Он держал каску на сгибе левой руки, а другую тянул по шву, будто в почетном карауле.
– Эй, Шлем! – вдруг крикнул Колька Смолянин. – Дай прокатиться?
Дядя не услышал, но я погрозил Кольке кулаком.
– Чего ты вертишься? – одернул меня дядя Федор. – Возле отца стоишь, возле солдата!.. Кто здесь лежит? Кто, спрашиваю?
– Папка, – сказал я.
– Ну то-то! Стой как полагается! Балбес же растет!..
– Не кричи на него, – не поднимая глаз, сказала мать. – И не одергивай.
Дядя Федор смерил мать взглядом, уставился на крест.
– У меня голос такой… Строгий, командирский.

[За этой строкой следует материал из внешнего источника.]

(* For a positive integer $k$ let $A(k)=\{(\frac{c}{k},\frac{d}{k}): c,d\in\mathbb{N}\cup\{0\},\ \frac{c}{k}+\frac{d}{k}\le 1\}$, viewed as a collection of alternatives. Let $x\approx 0.39$ be the unique solution in $[0,\frac12]$ of $x^3-x+\frac13=0$. Then for every $k$ and every $\delta>0$, all pure Nash equilibrium outcomes of $\Gamma_{\mathcal{SA}_\delta}(A(k))$ are $(\delta+\frac1k)$-close to the segment $\mathrm{conv}((x,1-x),(1-x,x))$.
   Context: Two players bargain over a finite collection of alternatives $A=(a^j)_{j\in[n]}\subset[0,1]^2$, $a^j_i$ being player $i$'s utility. The mechanism $\mathcal{SA}_\delta$ ($0<\delta\le1$): each player submits $L_i\subseteq[n]$; the index is drawn from the uniform distribution $UN([n])$ if $L_1=L_2=\emptyset$; from $UN(L_1\cup L_2)$ if $L_1\cap L_2=\emptyset\ne L_1\cup L_2$; and from $(1-\delta)UN(L_1\cap L_2)+\delta\,UN(L_1\cup L_2)$ if $L_1\cap L_2\neq\emptyset$. With risk-neutral players this defines a game $\Gamma_{\mathcal{SA}_\delta}(A)$ with expected-utility payoffs; an equilibrium outcome is the vector of expected utilities. *)

theory Defs
  imports "HOL-Analysis.Analysis"
begin

text \<open>Alternatives are given by a finite nonempty index set I and a utility map
  a : I \<rightarrow> [0,1]^2 (first component = player 1, second = player 2).\<close>

definition unif_avg :: "'i set \<Rightarrow> ('i \<Rightarrow> real \<times> real) \<Rightarrow> real \<times> real" where
  "unif_avg J a = (1 / real (card J)) *\<^sub>R (\<Sum>j\<in>J. a j)"

text \<open>Expected utility vector of the mechanism SA_delta when the players submit L1, L2.\<close>

definition SA_outcome ::
  "real \<Rightarrow> 'i set \<Rightarrow> ('i \<Rightarrow> real \<times> real) \<Rightarrow> 'i set \<Rightarrow> 'i set \<Rightarrow> real \<times> real" where
  "SA_outcome \<delta> I a L1 L2 =
     (if L1 = {} \<and> L2 = {} then unif_avg I a
      else if L1 \<inter> L2 = {} then unif_avg (L1 \<union> L2) a
      else (1 - \<delta>) *\<^sub>R unif_avg (L1 \<inter> L2) a + \<delta> *\<^sub>R unif_avg (L1 \<union> L2) a)"

definition SA_pure_NE ::
  "real \<Rightarrow> 'i set \<Rightarrow> ('i \<Rightarrow> real \<times> real) \<Rightarrow> 'i set \<Rightarrow> 'i set \<Rightarrow> bool" where
  "SA_pure_NE \<delta> I a L1 L2 \<longleftrightarrow>
     L1 \<subseteq> I \<and> L2 \<subseteq> I \<and>
     (\<forall>L1'. L1' \<subseteq> I \<longrightarrow> fst (SA_outcome \<delta> I a L1' L2) \<le> fst (SA_outcome \<delta> I a L1 L2)) \<and>
     (\<forall>L2'. L2' \<subseteq> I \<longrightarrow> snd (SA_outcome \<delta> I a L1 L2') \<le> snd (SA_outcome \<delta> I a L1 L2))"

definition Ak_index :: "nat \<Rightarrow> (nat \<times> nat) set" where
  "Ak_index k = {(c, d). c + d \<le> k}"

definition Ak_util :: "nat \<Rightarrow> nat \<times> nat \<Rightarrow> real \<times> real" where
  "Ak_util k p = (real (fst p) / real k, real (snd p) / real k)"

end

theory Submission
  imports Defs
begin
(* In the consistent-read iteration defined in the context with step size $\beta=1$, any deterministic $x_0$, any integer $\tau\ge0$ and any deterministic $k(j)$ with $j-\tau\le k(j)\le j$, let $\rho=\max_l\frac1n\sum_{r=1}^n|A_{lr}|$. Then for every $j\ge0$ \[E_{j+1}\le E_j-(1-\rho\tau)\,\mathbb{E}\big[(x_{k(j)}-x^\star,d_j)_A^2\big]+\rho\sum_{t=k(j)}^{j-1}\mathbb{E}\big[(x_{k(t)}-x^\star,d_t)_A^2\big],\] and consequently for every $m\ge1$ \[E_m\le E_0-(1-2\rho\tau)\sum_{i=0}^{m-1}\mathbb{E}\big[(x_{k(i)}-x^\star,d_i)_A^2\big].\]
   Context: Let $n\ge2$ and let $A\in\mathbb{R}^{n\times n}$ be symmetric positive definite with all diagonal entries equal to $1$; let $b\in\mathbb{R}^n$ and $x^\star=A^{-1}b$. Write $(x,y)_A=y^TAx$ and $\|x\|_A=\sqrt{(x,x)_A}$; $e^{(1)},\dots,e^{(n)}$ are the standard basis vectors. Consistent-read iteration: let $d_0,d_1,\dots$ be i.i.d. random vectors, each uniformly distributed on $\{e^{(1)},\dots,e^{(n)}\}$; let $\tau\ge0$ be an integer and $k(0),k(1),\dots$ deterministic integers with $j-\tau\le k(j)\le j$; given $x_0\in\mathbb{R}^n$ and a step size $\beta$, define for $j\ge0$ \[\gamma_j=(x^\star-x_{k(j)},d_j)_A,\qquad x_{j+1}=x_j+\beta\gamma_jd_j.\] Define $E_m=\mathbb{E}[\|x_m-x^\star\|_A^2]$. An empty sum is zero. *)

theory Defs
  imports "HOL-Analysis.Analysis" "HOL-Probability.Probability"
begin

definition A_inner :: "real^'n^'n \<Rightarrow> real^'n \<Rightarrow> real^'n \<Rightarrow> real" where
  "A_inner A x y = y \<bullet> (A *v x)"
(* Let $\nu\in\mathbb C$. Then $J_\nu(\cdot;q^2)$ and $J_{\nu+1}(\cdot;q^2)$ have no common zero in $\mathbb C\setminus\{0\}$.
   Context: Fix $0<q<1$. For $a\in\mathbb C$ put $(a;q)_0=1$, $(a;q)_k=\prod_{i=0}^{k-1}(1-aq^i)$, $(a;q)_\infty=\prod_{i\ge0}(1-aq^i)$. For $\nu\in\mathbb C$ and $x\in\mathbb C\setminus\{0\}$ the Hahn–Exton $q$-Bessel function is $$J_\nu(x;q^2)=\frac{x^\nu}{(q^2;q^2)_\infty}\sum_{k=0}^\infty\frac{(-1)^kq^{k(k+1)}(q^{2\nu+2k+2};q^2)_\infty}{(q^2;q^2)_k}\,x^{2k},$$ with $x^\nu=\exp(\nu\operatorname{Log}x)$ (principal branch). *)

theory Defs
  imports "HOL-Analysis.Analysis"
begin

definition qpoch :: "complex \<Rightarrow> complex \<Rightarrow> nat \<Rightarrow> complex" where
  "qpoch a q k = (\<Prod>i<k. 1 - a * q ^ i)"

definition qpoch_inf :: "complex \<Rightarrow> complex \<Rightarrow> complex" where
  "qpoch_inf a q = (\<Prod>i. 1 - a * q ^ i)"

text \<open>Hahn--Exton q-Bessel function J_nu(x;q^2), for real 0<q<1.
  Complex powr is exp (nu * ln x) with the principal logarithm; for the positive real
  base q, q powr s = exp (s * ln q).\<close>
definition hahn_exton_J :: "real \<Rightarrow> complex \<Rightarrow> complex \<Rightarrow> complex" where
  "hahn_exton_J q nu x =
     x powr nu / qpoch_inf (of_real (q^2)) (of_real (q^2)) *
     (\<Sum>k. (-1) ^ k * of_real (q ^ (k * (k + 1))) *
            qpoch_inf (of_real q powr (2 * nu + 2 * of_nat k + 2)) (of_real (q^2)) /
            qpoch (of_real (q^2)) (of_real (q^2)) k * x ^ (2 * k))"

end

(*
  Write J_nu(x;q^2) = x^nu / (q^2;q^2)_infinity * G_c(x^2) with c = q^(2 nu), where
  G_c = hahn_exton_series q c is an entire power series. Two contiguous relations,
    G_c(z) = G_(c q^2)(z) - c q^2 G_(c q^2)(q^2 z)   and   G_c(z) - G_c(q^2 z) = -q^2 z G_(c q^2)(q^2 z),
  show that a common zero z /= 0 of G_c and G_(c q^2) is also a common zero at q^2 z, hence at
  every q^(2n) z. These zeros accumulate at 0, which is impossible for a power series with a nonzero
  coefficient; and G_c has one, because (c q^(2k+2); q^2)_infinity /= 0 as soon as |c| q^(2k+2) < 1.
*)
theory Submission
  imports Defs "HOL-Complex_Analysis.Cauchy_Integral_Formula"
begin

lemma norm_mult_power_le:
  fixes a p :: "'a::real_normed_div_algebra"
  assumes "norm p \<le> 1"
  shows "norm (a * p ^ i) \<le> norm a"
  using assms by (simp add: norm_mult norm_power mult_left_le power_le_one)

lemma qpoch_Suc: "qpoch a p (Suc k) = qpoch a p k * (1 - a * p ^ k)"
  unfolding qpoch_def by simp

lemma norm_qpoch_ge:
  assumes "norm a \<le> 1" "norm p \<le> 1"
  shows "(1 - norm a) ^ k \<le> norm (qpoch a p k)"
proof -
  have "(1 - norm a) ^ k = (\<Prod>i<k. 1 - norm a)" by simp
  also have "\<dots> \<le> (\<Prod>i<k. norm (1 - a * p ^ i))"
  proof (rule prod_mono)
    fix i
    have "1 - norm a \<le> norm (1 - a * p ^ i)"
      using norm_triangle_ineq2[of 1 "a * p ^ i"] norm_mult_power_le[OF assms(2), of a i] by simp
    then show "0 \<le> 1 - norm a \<and> 1 - norm a \<le> norm (1 - a * p ^ i)"
      using assms by simp
  qed
  also have "\<dots> = norm (qpoch a p k)" unfolding qpoch_def by (simp add: prod_norm)
  finally show ?thesis .
qed

lemma qpoch_nonzero:
  assumes "norm a < 1" "norm p \<le> 1"
  shows "qpoch a p k \<noteq> 0"
proof -
  have "0 < (1 - norm a) ^ k" using assms by simp
  also have "\<dots> \<le> norm (qpoch a p k)" using assms by (intro norm_qpoch_ge) auto
  finally show ?thesis by auto
qed

lemma convergent_prod_qpoch:
  fixes a p :: complex
  assumes "norm p < 1"
  shows "convergent_prod (\<lambda>i. 1 - a * p ^ i)"
proof -
  have "summable (\<lambda>i. norm a * norm p ^ i)"
    using assms by (intro summable_mult summable_geometric) simp
  moreover have "norm ((1 - a * p ^ i) - 1) = norm a * norm p ^ i" for i
    by (simp add: norm_mult norm_power)
  ultimately have "summable (\<lambda>i. norm ((1 - a * p ^ i) - 1))"
    by simp
  then show ?thesis
    by (intro abs_convergent_prod_imp_convergent_prod summable_imp_abs_convergent_prod)
qed

lemma qpoch_inf_shift:
  assumes "norm p < 1"
  shows "qpoch_inf a p = (1 - a) * qpoch_inf (a * p) p"
proof -
  have "(\<lambda>i. 1 - (a * p) * p ^ i) has_prod qpoch_inf (a * p) p"
    unfolding qpoch_inf_def by (intro convergent_prod_has_prod convergent_prod_qpoch assms)
  then have "(\<lambda>i. 1 - a * p ^ Suc i) has_prod qpoch_inf (a * p) p"
    by (simp add: mult.assoc)
  then have "(\<lambda>i. 1 - a * p ^ i) has_prod (qpoch_inf (a * p) p * (1 - a))"
    using has_prod_Suc_imp[of "\<lambda>i. 1 - a * p ^ i"] by simp
  then show ?thesis
    unfolding qpoch_inf_def by (simp add: has_prod_unique[symmetric] mult.commute)
qed

lemma qpoch_inf_nonzero:
  assumes "norm p < 1" "norm a < 1"
  shows "qpoch_inf a p \<noteq> 0"
  unfolding qpoch_inf_def
proof (rule prodinf_nonzero[OF convergent_prod_qpoch[OF assms(1)]])
  fix i
  show "1 - a * p ^ i \<noteq> 0"
    using norm_mult_power_le[of p a i] assms by auto
qed

lemma norm_qpoch_inf_le:
  assumes "norm p < 1"
  shows "norm (qpoch_inf a p) \<le> exp (norm a / (1 - norm p))"
proof -
  have lim: "(\<lambda>n. norm (\<Prod>i\<le>n. 1 - a * p ^ i)) \<longlonglongrightarrow> norm (qpoch_inf a p)"
    unfolding qpoch_inf_def by (intro tendsto_norm convergent_prod_LIMSEQ convergent_prod_qpoch assms)
  have "(\<lambda>i. norm p ^ i) sums (1 / (1 - norm p))"
    using assms by (intro geometric_sums) simp
  from sums_mult[OF this, of "norm a"]
  have geom: "(\<lambda>i. norm a * norm p ^ i) sums (norm a / (1 - norm p))" by simp
  have "norm (\<Prod>i\<le>n. 1 - a * p ^ i) \<le> exp (norm a / (1 - norm p))" for n
  proof -
    have "norm (\<Prod>i\<le>n. 1 - a * p ^ i) \<le> (\<Prod>i\<le>n. exp (norm a * norm p ^ i))"
      unfolding prod_norm[symmetric]
    proof (rule prod_mono)
      fix i
      have "norm (1 - a * p ^ i) \<le> 1 + norm a * norm p ^ i"
        using norm_triangle_ineq4[of 1 "a * p ^ i"] by (simp add: norm_mult norm_power)
      also have "\<dots> \<le> exp (norm a * norm p ^ i)" by (rule exp_ge_add_one_self)
      finally show "0 \<le> norm (1 - a * p ^ i) \<and> norm (1 - a * p ^ i) \<le> exp (norm a * norm p ^ i)"
        by simp
    qed
    also have "\<dots> = exp (\<Sum>i\<le>n. norm a * norm p ^ i)" by (simp add: exp_sum)
    also have "\<dots> \<le> exp (norm a / (1 - norm p))"
      using sum_le_suminf[OF sums_summable[OF geom], of "{..n}"] unfolding sums_unique[OF geom, symmetric]
      by simp
    finally show ?thesis .
  qed
  then show ?thesis by (intro LIMSEQ_le_const2[OF lim]) auto
qed

lemma powser_coeff_eq_0_if_zeros_tendsto_0:
  fixes a :: "nat \<Rightarrow> 'a::{real_normed_field,banach}"
  assumes "0 < r" and summable: "\<And>z. norm z < r \<Longrightarrow> summable (\<lambda>k. a k * z ^ k)"
    and "zs \<longlonglongrightarrow> 0" "\<And>n. zs n \<noteq> 0" and zeros: "\<And>n. (\<Sum>k. a k * zs n ^ k) = 0"
  shows "a m = 0"
proof (rule ccontr)
  assume am: "a m \<noteq> 0"
  define f where "f z = (\<Sum>k. a k * z ^ k)" for z
  have "isCont f 0"
    unfolding f_def using \<open>0 < r\<close>
    by (intro isCont_powser[where K = "of_real (r / 2)"] summable) auto
  then have "(\<lambda>n. f (zs n)) \<longlonglongrightarrow> f 0"
    using \<open>zs \<longlonglongrightarrow> 0\<close> by (rule isCont_tendsto_compose)
  then have f0: "f 0 = 0"
    using zeros unfolding f_def by (simp add: LIMSEQ_const_iff)
  then have "m > 0"
    using am unfolding f_def by (cases m) (auto simp: powser_zero)
  have sums_f: "(\<lambda>k. a k * (z - 0) ^ k) sums f z" if "norm (z - 0) < r" for z
    using summable[of z] that unfolding f_def by (simp add: summable_sums)
  obtain s where "0 < s" and s: "\<And>z. z \<in> cball 0 s - {0} \<Longrightarrow> f z \<noteq> 0"
    using powser_0_nonzero[OF \<open>0 < r\<close> sums_f f0 am \<open>m > 0\<close>] by blast
  have "(\<lambda>n. norm (zs n)) \<longlonglongrightarrow> 0"
    using \<open>zs \<longlonglongrightarrow> 0\<close> by (rule tendsto_norm_zero)
  then have "eventually (\<lambda>n. norm (zs n) < s) sequentially"
    using \<open>0 < s\<close> by (rule order_tendstoD)
  then obtain n where "norm (zs n) < s"
    using eventually_happens'[OF sequentially_bot] by blast
  then have "f (zs n) \<noteq> 0" using s \<open>zs n \<noteq> 0\<close> by simp
  then show False using zeros unfolding f_def by simp
qed
(* Fix $\delta\in(0,1)$, $\sigma>0$, $w\geq(2\pi)^{-1/2}$ and $u>0$ sufficiently large. There exists $c_\delta>0$ depending only on $\delta$ such that $\mathcal{M}(\rho,n,\sigma,w,u)\geq 1-\delta$ whenever $\rho\leq c\log\log(8n)$ and $c\in(0,c_\delta)$ (for any $n\geq 2$).
   Context: For a real random variable $Y$, $\|Y\|_{\Psi_2}=\inf\{t>0:\ \mathbb{E}\exp(Y^2/t^2)\leq 2\}$. Let $n\geq 2$. $\mathcal{P}(w,u)$ is the class of distributions of $X=(X_1,\ldots,X_n)^\top\in\mathbb{R}^n$ such that the $X_i$ are independent and mean zero, each $X_i/(\mathbb{E}X_i^2)^{1/2}$ has a density bounded above by $w$, and $\|X_i\|_{\Psi_2}^2\leq u\,\mathbb{E}X_i^2$ for all $i$. $\mathcal{P}_0(n,w,u,\sigma)=\{P\in\mathcal{P}(w,u):\ \mathrm{Cov}_P(X)=\sigma^2I_n\}$. For $\rho>0$, $\mathcal{P}(n,w,u,\rho)$ is the set of $P\in\mathcal{P}(w,u)$ under which $\mathrm{Cov}_P(X)=\mathrm{Diag}(V_1,\ldots,V_n)$ with, for some $t_0\in[n-1]$, $V_i=\sigma_1^2>0$ for $i\leq t_0$, $V_i=\sigma_2^2>0$ for $i>t_0$, and $\min(t_0,n-t_0)\big[\big(\frac{|\sigma_1^2-\sigma_2^2|}{\sigma_1^2\wedge\sigma_2^2}\big)\wedge\big(\frac{|\sigma_1^2-\sigma_2^2|}{\sigma_1^2\wedge\sigma_2^2}\big)^2\big]=\rho$. With $\Psi$ the class of measurable $\psi:\mathbb{R}^n\to\{0,1\}$, $$\mathcal{M}(\rho,n,\sigma,w,u)=\inf_{\psi\in\Psi}\Big\{\sup_{P\in\mathcal{P}_0(n,w,u,\sigma)}\mathbb{E}_P\psi(X)+\sup_{P\in\mathcal{P}(n,w,u,\rho)}\mathbb{E}_P(1-\psi(X))\Big\}.$$ *)

theory Defs
  imports "HOL-Probability.Probability"
begin

text \<open>The sample space R^n is modelled as functions nat => real on the index set {..<n}
  (coordinate i of X is  x i, for i < n; index i here corresponds to index i+1 of the paper).\<close>

abbreviation Rn_space :: "nat \<Rightarrow> (nat \<Rightarrow> real) measure" where
  "Rn_space n \<equiv> PiM {..<n} (\<lambda>_. borel)"

text \<open>Orlicz psi_2 norm, inf {t>0. E exp(Y^2/t^2) <= 2}, valued in ereal (infinite if the set is empty).\<close>
definition psi2_norm :: "'a measure \<Rightarrow> ('a \<Rightarrow> real) \<Rightarrow> ereal" where
  "psi2_norm M Y = (INF t\<in>{t::real. t > 0 \<and> (\<integral>\<^sup>+ x. ennreal (exp ((Y x)^2 / t^2)) \<partial>M) \<le> 2}. ereal t)"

С кладбища мы вернулись домой и стали созывать на поминки. Впрочем, особенно-то и звать не пришлось: все в Великанах помнили, и скоро к нашей избе пошли мужики и бабы, приехавшие с полей, «инвалидная команда» и старики из-под отцветающей черемухи на берегу Рожохи. Стол накрыли во дворе, не ахти какая еда была, вместились все сразу, только ребятишки, как водится, висли на плетне и жевали поминальные блины. Меня дядя посадил рядом и не отпускал от себя. Я знал, что ребятишки ждали не блинов, а меня с мячиком, которым теперь владел я. За столом командовал дядя Федор, поэтому все молчали, а он говорил. Он рассказывал про моего отца и сначала не пил, лишь поднимал полный стакан за помин души и ставил назад. Если бы он стал говорить о его подвигах, я бы в рот ему глядел, но дядя, наверное, сам об отце знал не много, все то, что знали все. Правда, он говорил хорошо, складно, как радио возле клуба, и фронтовики, привыкшие к дисциплине, перебить его не смели. Я потом много раз каялся за ту минуту – черт меня дернул за язык! – когда попросился у дяди пойти играть в лапту. Но ребятишки на плетне уже изнывали от ожидания, махали мне, звали, и колья под ними трещали и опасно клонились во двор (мне же потом забор городить).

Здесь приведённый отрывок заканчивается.